Personal information
- Full name: Seamus McNamara
- Nickname(s): Shae
- Date of birth: June 2, 1985 (age 39)
- Place of birth: Milwaukee, WI, USA
- Draft: No. 47, 2010 rookie draft
- Height: 204 cm (6 ft 8 in)
- Weight: 104 kg (229 lb)
- Position(s): Forward

Playing career^{1}
- Years: Club / Games (Goals)
- 2010–2012: Collingwood / 0 (0)
- ^{1} Playing statistics correct to the end of 2012.

= Seamus McNamara =

Seamus McNamara (born June 2, 1985) is an American-born former Australian rules footballer in the Australian Football League (AFL), and former professional basketball player.

McNamara signed a two-year international rookie contract and was selected by the Collingwood Football Club in the 2009 AFL rookie draft at pick 47.

Collingwood discovered McNamara, who played four seasons of NCAA Division I collegiate basketball in the US for Marist College in New York before playing one season of professional basketball in Germany for TSV Dachau Spurs.

When Collingwood gave out their jumper numbers for the 2010 season, McNamara requested the recently vacated number 23 (formerly worn by Anthony Rocca).

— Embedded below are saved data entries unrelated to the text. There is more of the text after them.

(* Let $r\in\mathbb{C}$, $\lambda\in\mathbb{C}^*$, and let $f\in\mathcal{D}^\omega_{2-r}[\infty]$ be $\lambda$-periodic, i.e. $f(t+1)=\lambda f(t)$. Consider asymptotic expansions of $(Pf)(t)=(i-t)^{2-r}f(t)$ of the form $$(Pf)(t)\sim\sum_{n\ge k}b_nt^{-n}\quad\text{for some }k\in\mathbb{Z},\qquad( * )$$ as real $t\to\pm\infty$ (meaning $(Pf)(t)=\sum_{n=k}^{N-1}b_nt^{-n}+O(t^{-N})$ for every $N\ge k$). (i) If $f$ satisfies $( * )$ both as $t\uparrow\infty$ and as $t\downarrow-\infty$ with the same coefficients $b_n$, then (a) $f$ is a constant function if $\lambda=1$ and $r\in\mathbb{Z}$, and in this case $r\ge k+2$; (b) $f=0$ in all other cases. (ii) Let $\varepsilon\in\{1,-1\}$ and suppose $f$ satisfies $( * )$ as $\varepsilon t\uparrow\infty$. Then (a) if $\lambda=1$ and $r\in\mathbb{Z}_{\ge k+2}$, $f$ is a constant function; (b) otherwise, if $|\lambda|=1$, then $f=0$; (c) otherwise $f(t)\sim0$ (i.e. $f(t)=O(|t|^{-N})$ for all $N$) as $\varepsilon t\uparrow\infty$.
   Context: $\mathbb{H}^-$ is the lower half-plane. $P\varphi(t)=(i-t)^{2-r}\varphi(t)$ with $\arg(i-t)\in(-\pi/2,3\pi/2)$. $\mathcal{D}^\omega_{2-r}[\infty]$ is the space of holomorphic functions $\varphi$ on $\mathbb{H}^-$ such that $P\varphi$ extends holomorphically to an open subset of $\mathbb{P}^1(\mathbb{C})$ containing $\mathbb{H}^-\cup\mathbb{R}$ (so $f$ is defined and holomorphic on a neighbourhood of $\mathbb{H}^-\cup\mathbb{R}$, in particular on $\mathbb{R}$). *)

theory Defs
  imports "HOL-Complex_Analysis.Complex_Analysis"
begin

definition lower_hp :: "complex set" where
  "lower_hp = {z. Im z < 0}"

text \<open>The operator P. We use the principal branch of powr; for Im t < 1 (in particular on
  the closure of the lower half-plane) Im(i - t) > 0, so arg(i - t) lies in (0, pi) and the
  principal branch agrees with the paper's branch arg(i - t) in (-pi/2, 3pi/2).\<close>
definition Pop :: "complex \<Rightarrow> (complex \<Rightarrow> complex) \<Rightarrow> complex \<Rightarrow> complex" where
  "Pop r f t = (\<i> - t) powr (2 - r) * f t"

text \<open>The values
  of the (total) function f off the lower half-plane provide the extension.\<close>
definition D_omega_inf :: "complex \<Rightarrow> (complex \<Rightarrow> complex) set" where
  "D_omega_inf r = {f. f holomorphic_on lower_hp \<and>
      (\<exists>U. open U \<and> lower_hp \<union> {z. Im z = 0} \<subseteq> U \<and> Pop r f holomorphic_on U)}"

definition asymp_exp :: "(real \<Rightarrow> complex) \<Rightarrow> int \<Rightarrow> (int \<Rightarrow> complex) \<Rightarrow> real filter \<Rightarrow> bool" where
  "asymp_exp g k b F \<longleftrightarrow> (\<forall>N\<ge>k. \<exists>C. eventually (\<lambda>t.
      norm (g t - (\<Sum>n\<in>{k..<N}. b n * complex_of_real t powi (- n)))
        \<le> C * \<bar>t\<bar> powr (- real_of_int N)) F)"

definition asymp_zero :: "(real \<Rightarrow> complex) \<Rightarrow> real filter \<Rightarrow> bool" where
  "asymp_zero g F \<longleftrightarrow> (\<forall>N::int. \<exists>C. eventually (\<lambda>t. norm (g t) \<le> C * \<bar>t\<bar> powr (- real_of_int N)) F)"

end

theory Submission
  imports Defs
begin

text \<open>On the real line g(t) = f(t) satisfies g(t + 1) = \<lambda> g(t), and (i - t)^{2-r} g(t) has the
  given expansion. If |\<lambda>| \<noteq> 1, g grows geometrically in one direction, where the polynomial bound
  coming from the expansion forces g = 0, and decays geometrically in the other, where it is
  O(|t|^{-N}) for every N. If |\<lambda>| = 1, |g| is 1-periodic. When all coefficients vanish, g tends
  to 0, hence g = 0. Otherwise, with b_p the first nonzero coefficient,
  g(t) = (i - t)^{r-2-p} v(t) where v tends to b_p (-1)^p \<noteq> 0; comparing g(t + 1) with g(t), and
  g(m t) with g(t), along integer progressions gives \<lambda> = 1 and m^{r-2-p} = 1 for all m \<ge> 1, so
  r = p + 2 and g is a 1-periodic function with a limit, i.e. a constant. The identity theorem
  carries constancy from the real line to the closed lower half-plane.\<close>

section \<open>The weight (i - t) powr \<beta>\<close>

lemma i_minus_notin_nonpos_Reals: "Im z < 1 \<Longrightarrow> \<i> - z \<notin> \<real>\<^sub>\<le>\<^sub>0"
  by (auto simp: complex_nonpos_Reals_iff)

lemma i_minus_powr_nonzero: "Im z < 1 \<Longrightarrow> (\<i> - z) powr w \<noteq> 0"
  using i_minus_notin_nonpos_Reals by (auto simp: powr_def complex_nonpos_Reals_iff)

lemma powr_divide_upper_hp:
  fixes z w \<beta> :: complex
  assumes "Im z > 0" "Im w > 0"
  shows "(z / w) powr \<beta> = z powr \<beta> / w powr \<beta>"
proof -
  have "w \<notin> \<real>\<^sub>\<le>\<^sub>0" using assms by (auto simp: complex_nonpos_Reals_iff)
  then have inv: "Ln (inverse w) = - Ln w" by (rule Ln_inverse)
  have "0 < Im (Ln z) \<and> Im (Ln z) < pi" "0 < Im (Ln w) \<and> Im (Ln w) < pi"
    using Im_Ln_pos_lt_imp assms by blast+
  then have "Ln (z * inverse w) = Ln z + Ln (inverse w)"
    using assms by (intro Ln_times_simple) (auto simp: inv)
  then have "Ln (z / w) = Ln z - Ln w" by (simp add: inv divide_inverse)
  then show ?thesis using assms by (auto simp: powr_def exp_diff right_diff_distrib)
qed

lemma norm_i_minus_powr_le:
  assumes "Re \<beta> \<le> 0"
  shows "norm ((\<i> - complex_of_real t) powr \<beta>) \<le> exp (\<bar>Im \<beta>\<bar> * pi)"
proof -
  define z where "z = \<i> - complex_of_real t"
  have "norm z \<ge> 1" unfolding z_def using abs_Im_le_cmod[of "\<i> - complex_of_real t"] by simp
  then have "norm z powr Re \<beta> \<le> 1"
    using assms powr_mono[of "Re \<beta>" 0 "norm z"] by (auto split: if_splits)
  moreover have "\<bar>Arg z\<bar> \<le> pi" using mpi_less_Arg[of z] Arg_le_pi[of z] by linarith
  then have "\<bar>- Im \<beta> * Arg z\<bar> \<le> \<bar>Im \<beta>\<bar> * pi" by (simp add: abs_mult mult_left_mono)
  then have "exp (- Im \<beta> * Arg z) \<le> exp (\<bar>Im \<beta>\<bar> * pi)" by simp
  ultimately have "norm z powr Re \<beta> * exp (- Im \<beta> * Arg z) \<le> 1 * exp (\<bar>Im \<beta>\<bar> * pi)"
    by (intro mult_mono) auto
  then show ?thesis by (simp add: z_def norm_powr_complex)
qed

lemma powr_weight_split:
  fixes t :: real and p :: int
  shows "w = (\<i> - complex_of_real t) powr (r - 2 - of_int p)
             * ((\<i> - complex_of_real t) powr (2 - r) * w * (\<i> - complex_of_real t) powi p)"
proof -
  define z where "z = \<i> - complex_of_real t"
  have z0: "z \<noteq> 0" unfolding z_def by (auto simp: complex_eq_iff)
  have "1 = z powr ((r - 2 - of_int p) + (2 - r) + of_int p)" using z0 by (simp add: powr_def)
  also have "\<dots> = z powr (r - 2 - of_int p) * z powr (2 - r) * z powi p"
    using z0 by (simp only: powr_add complex_powr_of_int[of z p] simp_thms)
  finally show ?thesis by (simp add: z_def[symmetric] algebra_simps)
qed

section \<open>Functions in D_omega_inf r\<close>

lemma D_omega_inf_holomorphic_near_closed_lower_hp:
  assumes "f \<in> D_omega_inf r"
  obtains W where "open W" "{z. Im z \<le> 0} \<subseteq> W" "f holomorphic_on W"
proof -
  from assms obtain U where U: "open U" "lower_hp \<union> {z. Im z = 0} \<subseteq> U" "Pop r f holomorphic_on U"
    unfolding D_omega_inf_def by blast
  define W where "W = U \<inter> {z. Im z < 1}"
  have "open W" unfolding W_def using U(1) by (intro open_Int open_halfspace_Im_lt)
  moreover have "{z. Im z \<le> 0} \<subseteq> W" using U(2) by (force simp: W_def lower_hp_def)
  moreover have "Pop r f holomorphic_on W" using U(3) holomorphic_on_subset W_def by blast
  then have "(\<lambda>z. Pop r f z / (\<i> - z) powr (2 - r)) holomorphic_on W"
    by (intro holomorphic_intros) (auto simp: W_def i_minus_notin_nonpos_Reals i_minus_powr_nonzero)
  then have "f holomorphic_on W"
    by (rule holomorphic_transform) (auto simp: Pop_def i_minus_powr_nonzero W_def)
  ultimately show ?thesis using that by blast
qed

Instead, McNamara was given the number 50 after Collingwood wished to keep the number 23 vacant after Rocca's departure. McNamara later said his number 50 could represent the 50 states of the United States.

On March 13, 2010, McNamara played in his first competitive match against an opposition team (a 61-point win over in a VFL pre-season game).

McNamara is the fifth player to be born in the United States to be associated with an AFL club and the first American-born player to play for Collingwood.

In September 2012, McNamara was delisted by Collingwood after having played three NAB pre-season cup matches for the club. After being delisted from Collingwood McNamara returned to his original sport, signing on to play with the Sandringham Sabres in the South East Australian Basketball League. In 2012, McNamara was delisted from the Sandringham Sabres.